DATA TO EXAMINE:

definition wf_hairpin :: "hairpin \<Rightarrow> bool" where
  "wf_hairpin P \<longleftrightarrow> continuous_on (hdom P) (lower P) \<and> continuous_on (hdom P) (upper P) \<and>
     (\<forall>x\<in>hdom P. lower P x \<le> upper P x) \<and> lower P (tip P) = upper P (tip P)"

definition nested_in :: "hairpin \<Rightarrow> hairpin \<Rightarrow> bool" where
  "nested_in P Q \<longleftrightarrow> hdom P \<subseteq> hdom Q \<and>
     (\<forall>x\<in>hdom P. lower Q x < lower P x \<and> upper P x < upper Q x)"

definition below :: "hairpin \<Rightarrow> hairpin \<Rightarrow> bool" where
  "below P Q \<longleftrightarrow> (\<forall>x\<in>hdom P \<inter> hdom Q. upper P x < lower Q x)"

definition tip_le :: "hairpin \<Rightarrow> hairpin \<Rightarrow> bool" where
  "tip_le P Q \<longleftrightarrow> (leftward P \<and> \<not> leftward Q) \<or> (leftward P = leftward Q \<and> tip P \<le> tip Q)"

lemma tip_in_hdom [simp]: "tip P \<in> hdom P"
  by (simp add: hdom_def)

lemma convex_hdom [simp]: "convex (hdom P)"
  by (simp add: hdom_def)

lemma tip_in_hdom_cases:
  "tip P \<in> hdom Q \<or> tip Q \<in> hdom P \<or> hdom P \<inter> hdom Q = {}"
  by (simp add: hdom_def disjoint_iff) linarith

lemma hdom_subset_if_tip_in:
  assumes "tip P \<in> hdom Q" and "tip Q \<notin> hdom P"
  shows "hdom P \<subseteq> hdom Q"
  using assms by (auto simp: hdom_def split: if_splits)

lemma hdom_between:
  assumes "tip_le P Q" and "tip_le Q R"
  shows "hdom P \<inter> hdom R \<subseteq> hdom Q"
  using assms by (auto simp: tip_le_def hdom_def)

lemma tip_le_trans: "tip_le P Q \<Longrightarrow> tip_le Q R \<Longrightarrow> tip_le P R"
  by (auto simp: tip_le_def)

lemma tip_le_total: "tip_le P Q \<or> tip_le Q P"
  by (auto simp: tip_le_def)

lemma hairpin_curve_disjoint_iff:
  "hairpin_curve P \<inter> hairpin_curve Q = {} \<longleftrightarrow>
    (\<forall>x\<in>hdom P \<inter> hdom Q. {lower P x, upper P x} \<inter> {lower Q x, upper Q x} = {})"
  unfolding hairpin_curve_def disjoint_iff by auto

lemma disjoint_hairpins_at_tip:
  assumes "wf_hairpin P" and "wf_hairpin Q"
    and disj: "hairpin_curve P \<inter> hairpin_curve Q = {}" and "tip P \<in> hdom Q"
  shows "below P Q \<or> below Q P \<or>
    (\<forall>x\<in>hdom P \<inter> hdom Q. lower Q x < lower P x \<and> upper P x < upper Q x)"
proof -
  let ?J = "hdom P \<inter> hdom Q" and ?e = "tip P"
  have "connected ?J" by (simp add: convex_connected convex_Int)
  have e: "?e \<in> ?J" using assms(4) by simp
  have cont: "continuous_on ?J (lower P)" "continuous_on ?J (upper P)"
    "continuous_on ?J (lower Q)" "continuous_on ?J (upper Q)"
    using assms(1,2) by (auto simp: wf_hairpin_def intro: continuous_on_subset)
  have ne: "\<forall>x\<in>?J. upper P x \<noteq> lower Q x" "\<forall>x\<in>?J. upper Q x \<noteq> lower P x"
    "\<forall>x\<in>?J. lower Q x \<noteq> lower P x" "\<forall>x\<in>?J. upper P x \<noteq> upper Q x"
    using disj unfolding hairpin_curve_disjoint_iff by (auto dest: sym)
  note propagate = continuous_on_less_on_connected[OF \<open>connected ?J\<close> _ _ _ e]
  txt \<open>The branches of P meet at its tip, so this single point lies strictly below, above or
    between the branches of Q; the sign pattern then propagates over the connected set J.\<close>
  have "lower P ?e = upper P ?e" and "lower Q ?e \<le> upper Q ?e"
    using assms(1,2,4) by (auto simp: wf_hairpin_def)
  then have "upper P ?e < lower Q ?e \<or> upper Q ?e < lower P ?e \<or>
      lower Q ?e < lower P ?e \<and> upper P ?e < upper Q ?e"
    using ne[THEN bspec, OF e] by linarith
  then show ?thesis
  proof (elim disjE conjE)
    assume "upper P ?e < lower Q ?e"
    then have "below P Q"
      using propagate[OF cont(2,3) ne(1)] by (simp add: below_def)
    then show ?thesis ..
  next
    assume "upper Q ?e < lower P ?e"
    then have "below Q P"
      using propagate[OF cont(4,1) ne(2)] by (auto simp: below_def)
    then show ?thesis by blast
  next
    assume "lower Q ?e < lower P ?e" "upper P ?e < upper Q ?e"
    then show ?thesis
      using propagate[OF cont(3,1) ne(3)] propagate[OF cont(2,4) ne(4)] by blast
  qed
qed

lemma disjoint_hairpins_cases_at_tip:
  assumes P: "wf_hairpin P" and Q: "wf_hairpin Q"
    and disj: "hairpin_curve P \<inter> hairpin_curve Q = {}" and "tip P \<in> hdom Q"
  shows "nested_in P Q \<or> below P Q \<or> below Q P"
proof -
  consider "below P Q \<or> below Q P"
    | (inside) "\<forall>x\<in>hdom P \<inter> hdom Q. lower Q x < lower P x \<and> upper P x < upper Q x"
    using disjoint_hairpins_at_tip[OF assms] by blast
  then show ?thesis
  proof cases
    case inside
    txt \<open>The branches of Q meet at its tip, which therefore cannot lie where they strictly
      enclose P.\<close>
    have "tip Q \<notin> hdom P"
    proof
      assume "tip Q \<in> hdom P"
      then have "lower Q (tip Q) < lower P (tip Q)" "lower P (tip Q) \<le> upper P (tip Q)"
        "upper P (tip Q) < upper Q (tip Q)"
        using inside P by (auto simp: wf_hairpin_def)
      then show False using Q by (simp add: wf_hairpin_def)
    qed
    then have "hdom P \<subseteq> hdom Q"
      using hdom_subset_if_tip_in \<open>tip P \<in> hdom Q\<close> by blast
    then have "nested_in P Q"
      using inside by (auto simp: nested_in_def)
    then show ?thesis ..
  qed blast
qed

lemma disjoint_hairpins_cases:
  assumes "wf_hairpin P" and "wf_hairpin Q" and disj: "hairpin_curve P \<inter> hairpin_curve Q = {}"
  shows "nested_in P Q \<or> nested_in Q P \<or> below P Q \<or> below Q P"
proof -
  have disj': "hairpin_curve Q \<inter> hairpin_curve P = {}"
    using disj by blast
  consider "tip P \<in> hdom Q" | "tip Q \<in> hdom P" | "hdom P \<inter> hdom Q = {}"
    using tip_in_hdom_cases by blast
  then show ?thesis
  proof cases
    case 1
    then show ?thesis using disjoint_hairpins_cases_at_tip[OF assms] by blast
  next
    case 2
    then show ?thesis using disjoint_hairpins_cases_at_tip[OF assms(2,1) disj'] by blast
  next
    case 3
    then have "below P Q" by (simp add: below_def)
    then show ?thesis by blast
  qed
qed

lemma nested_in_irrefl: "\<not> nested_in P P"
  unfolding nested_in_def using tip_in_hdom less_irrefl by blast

--

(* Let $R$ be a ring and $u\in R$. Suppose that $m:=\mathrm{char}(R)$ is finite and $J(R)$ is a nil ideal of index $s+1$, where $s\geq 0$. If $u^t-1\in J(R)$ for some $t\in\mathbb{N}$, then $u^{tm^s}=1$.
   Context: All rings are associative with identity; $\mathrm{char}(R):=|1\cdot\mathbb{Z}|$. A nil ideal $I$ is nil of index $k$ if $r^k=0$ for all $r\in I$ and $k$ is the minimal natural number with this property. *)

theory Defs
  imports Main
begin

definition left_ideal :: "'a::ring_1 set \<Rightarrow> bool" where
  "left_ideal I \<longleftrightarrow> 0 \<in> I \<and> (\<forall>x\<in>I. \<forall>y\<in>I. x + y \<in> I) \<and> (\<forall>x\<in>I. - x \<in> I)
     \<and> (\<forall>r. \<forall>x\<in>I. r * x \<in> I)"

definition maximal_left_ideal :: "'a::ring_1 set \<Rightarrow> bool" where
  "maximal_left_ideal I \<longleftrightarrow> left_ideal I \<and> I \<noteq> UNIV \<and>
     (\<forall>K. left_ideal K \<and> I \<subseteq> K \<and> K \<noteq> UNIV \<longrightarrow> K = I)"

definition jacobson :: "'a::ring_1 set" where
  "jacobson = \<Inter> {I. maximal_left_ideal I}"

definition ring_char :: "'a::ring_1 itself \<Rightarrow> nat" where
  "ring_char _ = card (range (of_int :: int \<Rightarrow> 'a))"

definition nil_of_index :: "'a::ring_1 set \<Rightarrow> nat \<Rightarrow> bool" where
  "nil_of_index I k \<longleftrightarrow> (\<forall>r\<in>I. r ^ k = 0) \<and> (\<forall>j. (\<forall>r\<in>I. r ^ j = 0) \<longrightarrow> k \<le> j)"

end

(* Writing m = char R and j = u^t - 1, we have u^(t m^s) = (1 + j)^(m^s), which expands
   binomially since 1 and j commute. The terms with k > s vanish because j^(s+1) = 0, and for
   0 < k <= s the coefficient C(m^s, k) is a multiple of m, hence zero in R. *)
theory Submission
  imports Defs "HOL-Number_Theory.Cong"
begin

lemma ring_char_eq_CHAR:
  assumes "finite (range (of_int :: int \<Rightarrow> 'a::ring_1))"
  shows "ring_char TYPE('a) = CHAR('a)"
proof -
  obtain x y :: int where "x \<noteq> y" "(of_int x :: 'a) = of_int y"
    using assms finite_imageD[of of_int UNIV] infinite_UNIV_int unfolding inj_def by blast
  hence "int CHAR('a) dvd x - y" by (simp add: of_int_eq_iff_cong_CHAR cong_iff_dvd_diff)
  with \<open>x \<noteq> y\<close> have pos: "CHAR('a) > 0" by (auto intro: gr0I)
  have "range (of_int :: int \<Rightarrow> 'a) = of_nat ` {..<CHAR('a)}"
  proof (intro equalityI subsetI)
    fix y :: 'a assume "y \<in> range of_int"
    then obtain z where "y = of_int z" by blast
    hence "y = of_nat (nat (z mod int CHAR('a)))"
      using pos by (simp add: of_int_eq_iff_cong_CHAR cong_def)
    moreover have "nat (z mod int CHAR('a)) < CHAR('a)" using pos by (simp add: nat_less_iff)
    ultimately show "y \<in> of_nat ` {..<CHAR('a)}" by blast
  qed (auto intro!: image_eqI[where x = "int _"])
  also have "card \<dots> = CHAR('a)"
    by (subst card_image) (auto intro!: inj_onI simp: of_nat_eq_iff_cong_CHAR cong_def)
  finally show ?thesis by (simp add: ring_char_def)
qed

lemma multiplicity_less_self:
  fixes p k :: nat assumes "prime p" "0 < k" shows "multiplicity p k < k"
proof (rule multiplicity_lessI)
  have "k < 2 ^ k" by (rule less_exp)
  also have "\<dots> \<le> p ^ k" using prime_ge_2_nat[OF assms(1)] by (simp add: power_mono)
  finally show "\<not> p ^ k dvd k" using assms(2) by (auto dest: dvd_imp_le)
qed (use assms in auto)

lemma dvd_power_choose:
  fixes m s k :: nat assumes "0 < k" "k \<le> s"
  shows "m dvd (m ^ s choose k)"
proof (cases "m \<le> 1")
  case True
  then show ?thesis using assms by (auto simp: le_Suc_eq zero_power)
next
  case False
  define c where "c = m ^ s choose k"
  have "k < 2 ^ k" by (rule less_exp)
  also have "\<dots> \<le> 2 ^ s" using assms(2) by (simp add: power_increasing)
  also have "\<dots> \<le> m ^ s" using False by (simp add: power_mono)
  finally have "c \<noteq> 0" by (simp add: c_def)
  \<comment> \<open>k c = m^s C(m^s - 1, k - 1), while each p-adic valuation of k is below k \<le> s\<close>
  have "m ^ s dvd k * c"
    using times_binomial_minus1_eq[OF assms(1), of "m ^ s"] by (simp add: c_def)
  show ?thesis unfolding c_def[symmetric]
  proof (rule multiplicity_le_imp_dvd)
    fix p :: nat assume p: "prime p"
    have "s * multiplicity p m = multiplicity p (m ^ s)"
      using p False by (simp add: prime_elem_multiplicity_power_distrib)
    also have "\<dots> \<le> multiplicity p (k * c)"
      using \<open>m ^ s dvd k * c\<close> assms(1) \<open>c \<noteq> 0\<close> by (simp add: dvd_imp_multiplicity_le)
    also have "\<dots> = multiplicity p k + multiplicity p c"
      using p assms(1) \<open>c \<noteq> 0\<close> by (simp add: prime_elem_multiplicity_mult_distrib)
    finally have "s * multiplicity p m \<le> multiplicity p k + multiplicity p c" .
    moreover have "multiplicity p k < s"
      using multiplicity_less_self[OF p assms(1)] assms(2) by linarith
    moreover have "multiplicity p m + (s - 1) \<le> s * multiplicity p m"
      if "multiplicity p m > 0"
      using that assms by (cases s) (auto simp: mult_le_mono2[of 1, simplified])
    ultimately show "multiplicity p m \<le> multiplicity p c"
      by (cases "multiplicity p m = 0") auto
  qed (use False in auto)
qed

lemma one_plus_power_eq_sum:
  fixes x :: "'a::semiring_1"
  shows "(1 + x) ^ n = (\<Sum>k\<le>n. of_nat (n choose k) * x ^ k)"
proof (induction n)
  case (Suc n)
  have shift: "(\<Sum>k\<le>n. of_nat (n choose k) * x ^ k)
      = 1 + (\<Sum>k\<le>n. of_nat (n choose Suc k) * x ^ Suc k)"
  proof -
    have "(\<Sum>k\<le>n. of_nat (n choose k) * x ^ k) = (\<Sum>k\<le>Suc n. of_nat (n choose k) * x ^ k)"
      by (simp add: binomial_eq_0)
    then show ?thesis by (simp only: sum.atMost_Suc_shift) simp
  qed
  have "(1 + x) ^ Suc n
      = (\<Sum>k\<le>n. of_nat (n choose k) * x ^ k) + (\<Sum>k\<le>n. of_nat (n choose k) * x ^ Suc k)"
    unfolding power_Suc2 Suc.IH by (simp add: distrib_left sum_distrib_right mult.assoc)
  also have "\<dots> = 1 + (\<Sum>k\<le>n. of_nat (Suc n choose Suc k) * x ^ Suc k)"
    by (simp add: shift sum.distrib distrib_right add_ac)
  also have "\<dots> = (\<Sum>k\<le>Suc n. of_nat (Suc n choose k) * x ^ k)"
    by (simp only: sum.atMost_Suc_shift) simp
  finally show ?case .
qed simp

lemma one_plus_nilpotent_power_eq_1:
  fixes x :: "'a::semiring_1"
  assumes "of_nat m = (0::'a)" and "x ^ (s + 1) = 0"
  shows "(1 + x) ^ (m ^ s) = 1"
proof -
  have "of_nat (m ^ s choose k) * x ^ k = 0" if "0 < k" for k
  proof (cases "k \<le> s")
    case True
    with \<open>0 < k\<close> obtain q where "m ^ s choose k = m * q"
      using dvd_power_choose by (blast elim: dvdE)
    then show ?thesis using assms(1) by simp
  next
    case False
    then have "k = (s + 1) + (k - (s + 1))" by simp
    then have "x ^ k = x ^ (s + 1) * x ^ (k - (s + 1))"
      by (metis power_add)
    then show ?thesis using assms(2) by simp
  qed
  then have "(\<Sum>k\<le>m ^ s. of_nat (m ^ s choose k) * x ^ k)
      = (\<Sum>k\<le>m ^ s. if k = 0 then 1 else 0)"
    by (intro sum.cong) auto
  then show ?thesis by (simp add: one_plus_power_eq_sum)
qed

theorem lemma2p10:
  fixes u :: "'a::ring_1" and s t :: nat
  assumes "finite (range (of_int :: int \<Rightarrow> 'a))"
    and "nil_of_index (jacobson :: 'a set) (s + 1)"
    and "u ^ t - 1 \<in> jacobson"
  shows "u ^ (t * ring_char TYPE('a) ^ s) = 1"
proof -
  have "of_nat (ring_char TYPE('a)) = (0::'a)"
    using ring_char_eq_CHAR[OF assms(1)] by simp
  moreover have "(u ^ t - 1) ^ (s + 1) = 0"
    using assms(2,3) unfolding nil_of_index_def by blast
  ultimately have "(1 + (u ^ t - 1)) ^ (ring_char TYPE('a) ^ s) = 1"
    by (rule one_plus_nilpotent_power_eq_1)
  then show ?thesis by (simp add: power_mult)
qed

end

WHAT YOU ARE ASKED TO DO: Begin at the line above that has "theory Defs" and stop after the line that has "set \<Rightarrow> nat", copying each line exactly and adding nothing else.

PROBLEM SOLUTION:
theory Defs
  imports Main
begin

definition left_ideal :: "'a::ring_1 set \<Rightarrow> bool" where
  "left_ideal I \<longleftrightarrow> 0 \<in> I \<and> (\<forall>x\<in>I. \<forall>y\<in>I. x + y \<in> I) \<and> (\<forall>x\<in>I. - x \<in> I)
     \<and> (\<forall>r. \<forall>x\<in>I. r * x \<in> I)"

definition maximal_left_ideal :: "'a::ring_1 set \<Rightarrow> bool" where
  "maximal_left_ideal I \<longleftrightarrow> left_ideal I \<and> I \<noteq> UNIV \<and>
     (\<forall>K. left_ideal K \<and> I \<subseteq> K \<and> K \<noteq> UNIV \<longrightarrow> K = I)"

definition jacobson :: "'a::ring_1 set" where
  "jacobson = \<Inter> {I. maximal_left_ideal I}"

definition ring_char :: "'a::ring_1 itself \<Rightarrow> nat" where
  "ring_char _ = card (range (of_int :: int \<Rightarrow> 'a))"

definition nil_of_index :: "'a::ring_1 set \<Rightarrow> nat \<Rightarrow> bool" where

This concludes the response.